##### MATERIAL FOR THIS TASK #####

(* Let $a,b,c$ be positive numbers with $a<b<c$, $\lfloor c/b\rfloor\ge2$, $b-a<c_0<a$ and $0\le c_1\le2a-b$, where $c_0=c-\lfloor c/b\rfloor b$ and $c_1=c-c_0-\lfloor(c-c_0)/a\rfloor a$. Suppose $\mathcal S_{a,b,c}\ne\emptyset$ and either $a/b\notin\mathbb Q$, or $a/b=p/q$ and $c\in(b/q)\mathbb Z$ for some coprime positive integers $p,q$. Then for every $t\in\mathcal S_{a,b,c}$, $$Y_{a,b,c}(R_{a,b,c}(t))-Y_{a,b,c}(t)-Y_{a,b,c}(c_1+b-a)\in Y_{a,b,c}(a)\mathbb Z.$$
   Context: For $a,b,c>0$ and $t\in\mathbb R$, $\mathbf M_{a,b,c}(t)=(\chi_{[0,c)}(t-\mu+\lambda))_{\mu\in a\mathbb Z,\lambda\in b\mathbb Z}$ is the infinite matrix with rows indexed by $a\mathbb Z$ and columns by $b\mathbb Z$, acting by $(\mathbf M_{a,b,c}(t)\mathbf x)(\mu)=\sum_{\lambda\in b\mathbb Z}\chi_{[0,c)}(t-\mu+\lambda)\mathbf x(\lambda)$. $\mathcal B_b^0$ is the set of vectors $(\mathbf x(\lambda))_{\lambda\in b\mathbb Z}$ with entries in $\{0,1\}$ and $\mathbf x(0)=1$. $\mathbf 1$ denotes the vector indexed by $a\mathbb Z$ with all entries $1$. $\mathcal S_{a,b,c}=\{t:\mathbf M_{a,b,c}(t)\mathbf x=\mathbf 1\text{ for some }\mathbf x\in\mathcal B_b^0\}$. $R_{a,b,c}(t)=t+\lfloor c/b\rfloor b+b$ if $t\in[0,c_0+a-b)+a\mathbb Z$, $R_{a,b,c}(t)=t$ if $t\in[c_0+a-b,c_0)+a\mathbb Z$, $R_{a,b,c}(t)=t+\lfloor c/b\rfloor b$ if $t\in[c_0,a)+a\mathbb Z$. The holes-removal map is $Y_{a,b,c}(t)=\operatorname{sgn}(t)\,|[\min(0,t),\max(0,t))\cap\mathcal S_{a,b,c}|$ with $|\cdot|$ Lebesgue measure. $A+a\mathbb Z=\{x+ak:x\in A,k\in\mathbb Z\}$. *)

theory Defs
  imports "HOL-Analysis.Analysis"
begin

definition chi0 :: "real \<Rightarrow> real \<Rightarrow> real" where
  "chi0 c s = (if 0 \<le> s \<and> s < c then 1 else 0)"

text \<open>Entry of M_{a,b,c}(t) in row mu = m*a and column lambda = k*b (m,k integers).\<close>
definition Mentry :: "real \<Rightarrow> real \<Rightarrow> real \<Rightarrow> real \<Rightarrow> int \<Rightarrow> int \<Rightarrow> real" where
  "Mentry a b c t m k = chi0 c (t - of_int m * a + of_int k * b)"

text \<open>(M x)(mu) for mu = m*a; only finitely many entries of a row are nonzero.\<close>
definition Mapply :: "real \<Rightarrow> real \<Rightarrow> real \<Rightarrow> real \<Rightarrow> (int \<Rightarrow> real) \<Rightarrow> int \<Rightarrow> real" where
  "Mapply a b c t x m = (\<Sum>k\<in>{k. Mentry a b c t m k \<noteq> 0}. Mentry a b c t m k * x k)"

text \<open>B_b^0: 0/1 vectors indexed by bZ (k <-> k*b) with x(0) = 1.\<close>
definition Bb0 :: "(int \<Rightarrow> real) set" where
  "Bb0 = {x. (\<forall>k. x k \<in> {0, 1}) \<and> x 0 = 1}"

definition Sabc :: "real \<Rightarrow> real \<Rightarrow> real \<Rightarrow> real set" where
  "Sabc a b c = {t. \<exists>x\<in>Bb0. \<forall>m. Mapply a b c t x m = 1}"

definition c0 :: "real \<Rightarrow> real \<Rightarrow> real \<Rightarrow> real" where
  "c0 a b c = c - of_int \<lfloor>c / b\<rfloor> * b"

definition c1 :: "real \<Rightarrow> real \<Rightarrow> real \<Rightarrow> real" where
  "c1 a b c = c - c0 a b c - of_int \<lfloor>(c - c0 a b c) / a\<rfloor> * a"

definition in_per :: "real \<Rightarrow> real \<Rightarrow> real \<Rightarrow> real \<Rightarrow> bool" where
  "in_per a l u t = (\<exists>k::int. l \<le> t - of_int k * a \<and> t - of_int k * a < u)"

definition Rabc :: "real \<Rightarrow> real \<Rightarrow> real \<Rightarrow> real \<Rightarrow> real" where
  "Rabc a b c t =
     (if in_per a 0 (c0 a b c + a - b) t then t + of_int \<lfloor>c / b\<rfloor> * b + b
      else if in_per a (c0 a b c + a - b) (c0 a b c) t then t
      else if in_per a (c0 a b c) a t then t + of_int \<lfloor>c / b\<rfloor> * b
      else undefined)"

definition Yabc :: "real \<Rightarrow> real \<Rightarrow> real \<Rightarrow> real \<Rightarrow> real" where
  "Yabc a b c t = sgn t * measure lebesgue ({min 0 t..<max 0 t} \<inter> Sabc a b c)"

end

theory Submission
  imports Defs
begin

text \<open>
  A vector \<open>x \<in> B\<^sub>b\<^sup>0\<close> with \<open>M(t)x = 1\<close> is the indicator of a set \<open>\<Lambda> \<ni> 0\<close> of integers
  such that every row window \<open>t - ma + \<Lambda>b\<close> meets \<open>[0, c)\<close> exactly once. When
  \<open>b - a < c\<^sub>0 < a\<close>, the successor of \<open>0\<close> in \<open>\<Lambda>\<close> is \<open>L + 1\<close> or \<open>L\<close> (with \<open>L = \<lfloor>c/b\<rfloor>\<close>)
  according as the residue of \<open>t\<close> modulo \<open>a\<close> lies in \<open>[0, c\<^sub>0 + a - b)\<close> or in \<open>[c\<^sub>0, a)\<close>,
  and residues in between never occur. So \<open>\<Lambda>\<close> is the orbit of \<open>0\<close> under an explicit
  dynamics, which makes \<open>S\<close> Borel; \<open>S\<close> is \<open>a\<close>-periodic; translation by \<open>(L + 1)b\<close>, resp.
  \<open>Lb\<close>, maps \<open>S\<close> onto \<open>S\<close> on each residue interval of the first, resp. second, kind; and
  \<open>S\<close> misses \<open>[c\<^sub>1, c\<^sub>1 + b - a)\<close>. Hence for \<open>t \<in> S\<close> the increment \<open>Y(R t) - Y(t)\<close> is the mass
  of \<open>S\<close> on a period-aligned interval of length \<open>(L + 1)b\<close> or \<open>Lb\<close>, i.e. \<open>Y((L + 1)b)\<close> or
  \<open>Y(Lb)\<close>; writing \<open>Lb = c\<^sub>1 + Na\<close>, periodicity and the hole turn these into
  \<open>Y(c\<^sub>1 + b - a) + (N + 1) Y(a)\<close> and \<open>Y(c\<^sub>1 + b - a) + N Y(a)\<close>.
\<close>

section \<open>Exact covers\<close>

text \<open>\<open>\<Lambda>\<close> is the support of \<open>x \<in> B\<^sub>b\<^sup>0\<close> (index \<open>k\<close> standing for \<open>kb\<close>); row \<open>m\<close> of
  \<open>M(t)x = 1\<close> says that exactly one \<open>k \<in> \<Lambda>\<close> lies in the window of row \<open>ma\<close>.\<close>

definition in_window :: "real \<Rightarrow> real \<Rightarrow> real \<Rightarrow> real \<Rightarrow> int \<Rightarrow> int \<Rightarrow> bool" where
  "in_window a b c t m k \<longleftrightarrow> t - of_int m * a + of_int k * b \<in> {0..<c}"

definition exact_cover :: "real \<Rightarrow> real \<Rightarrow> real \<Rightarrow> real \<Rightarrow> int set \<Rightarrow> bool" where
  "exact_cover a b c t \<Lambda> \<longleftrightarrow> (\<forall>m. \<exists>!k. k \<in> \<Lambda> \<and> in_window a b c t m k)"

lemma finite_in_window:
  assumes "0 < b"
  shows "finite {k. in_window a b c t m k}"
proof (rule finite_subset)
  show "{k. in_window a b c t m k} \<subseteq> {\<lceil>(of_int m * a - t) / b\<rceil>..\<lfloor>(of_int m * a - t + c) / b\<rfloor>}"
  proof
    fix k assume "k \<in> {k. in_window a b c t m k}"
    then have "0 \<le> t - of_int m * a + of_int k * b" "t - of_int m * a + of_int k * b < c"
      by (auto simp: in_window_def)
    with assms show "k \<in> {\<lceil>(of_int m * a - t) / b\<rceil>..\<lfloor>(of_int m * a - t + c) / b\<rfloor>}"
      by (simp add: ceiling_le_iff le_floor_iff divide_le_eq le_divide_eq)
  qed
qed simp

lemma Mapply_indicator:
  assumes "0 < b"
  shows "Mapply a b c t (\<lambda>k. if k \<in> \<Lambda> then 1 else 0) m = card {k \<in> \<Lambda>. in_window a b c t m k}"
proof -
  have entry: "Mentry a b c t m k = (if in_window a b c t m k then 1 else 0)" for k
    by (simp add: Mentry_def chi0_def in_window_def)
  have "Mapply a b c t (\<lambda>k. if k \<in> \<Lambda> then 1 else 0) m
      = (\<Sum>k\<in>{k. in_window a b c t m k}. if k \<in> \<Lambda> then 1 else 0)"
    unfolding Mapply_def by (rule sum.cong) (simp_all add: entry)
  also have "\<dots> = (\<Sum>k\<in>{k \<in> {k. in_window a b c t m k}. k \<in> \<Lambda>}. 1)"
    using finite_in_window[OF assms] by (rule sum.inter_filter[symmetric])
  also have "{k \<in> {k. in_window a b c t m k}. k \<in> \<Lambda>} = {k \<in> \<Lambda>. in_window a b c t m k}"
    by auto
  finally show ?thesis by simp
qed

#####

| ASSIGNMENT |
From the opening line of the data above through the line that contains "Context: For $a,b,c>0$", please print each line as it stands and only those lines.

| REPLY |
(* Let $a,b,c$ be positive numbers with $a<b<c$, $\lfloor c/b\rfloor\ge2$, $b-a<c_0<a$ and $0\le c_1\le2a-b$, where $c_0=c-\lfloor c/b\rfloor b$ and $c_1=c-c_0-\lfloor(c-c_0)/a\rfloor a$. Suppose $\mathcal S_{a,b,c}\ne\emptyset$ and either $a/b\notin\mathbb Q$, or $a/b=p/q$ and $c\in(b/q)\mathbb Z$ for some coprime positive integers $p,q$. Then for every $t\in\mathcal S_{a,b,c}$, $$Y_{a,b,c}(R_{a,b,c}(t))-Y_{a,b,c}(t)-Y_{a,b,c}(c_1+b-a)\in Y_{a,b,c}(a)\mathbb Z.$$
   Context: For $a,b,c>0$ and $t\in\mathbb R$, $\mathbf M_{a,b,c}(t)=(\chi_{[0,c)}(t-\mu+\lambda))_{\mu\in a\mathbb Z,\lambda\in b\mathbb Z}$ is the infinite matrix with rows indexed by $a\mathbb Z$ and columns by $b\mathbb Z$, acting by $(\mathbf M_{a,b,c}(t)\mathbf x)(\mu)=\sum_{\lambda\in b\mathbb Z}\chi_{[0,c)}(t-\mu+\lambda)\mathbf x(\lambda)$. $\mathcal B_b^0$ is the set of vectors $(\mathbf x(\lambda))_{\lambda\in b\mathbb Z}$ with entries in $\{0,1\}$ and $\mathbf x(0)=1$. $\mathbf 1$ denotes the vector indexed by $a\mathbb Z$ with all entries $1$. $\mathcal S_{a,b,c}=\{t:\mathbf M_{a,b,c}(t)\mathbf x=\mathbf 1\text{ for some }\mathbf x\in\mathcal B_b^0\}$. $R_{a,b,c}(t)=t+\lfloor c/b\rfloor b+b$ if $t\in[0,c_0+a-b)+a\mathbb Z$, $R_{a,b,c}(t)=t$ if $t\in[c_0+a-b,c_0)+a\mathbb Z$, $R_{a,b,c}(t)=t+\lfloor c/b\rfloor b$ if $t\in[c_0,a)+a\mathbb Z$. The holes-removal map is $Y_{a,b,c}(t)=\operatorname{sgn}(t)\,|[\min(0,t),\max(0,t))\cap\mathcal S_{a,b,c}|$ with $|\cdot|$ Lebesgue measure. $A+a\mathbb Z=\{x+ak:x\in A,k\in\mathbb Z\}$. *)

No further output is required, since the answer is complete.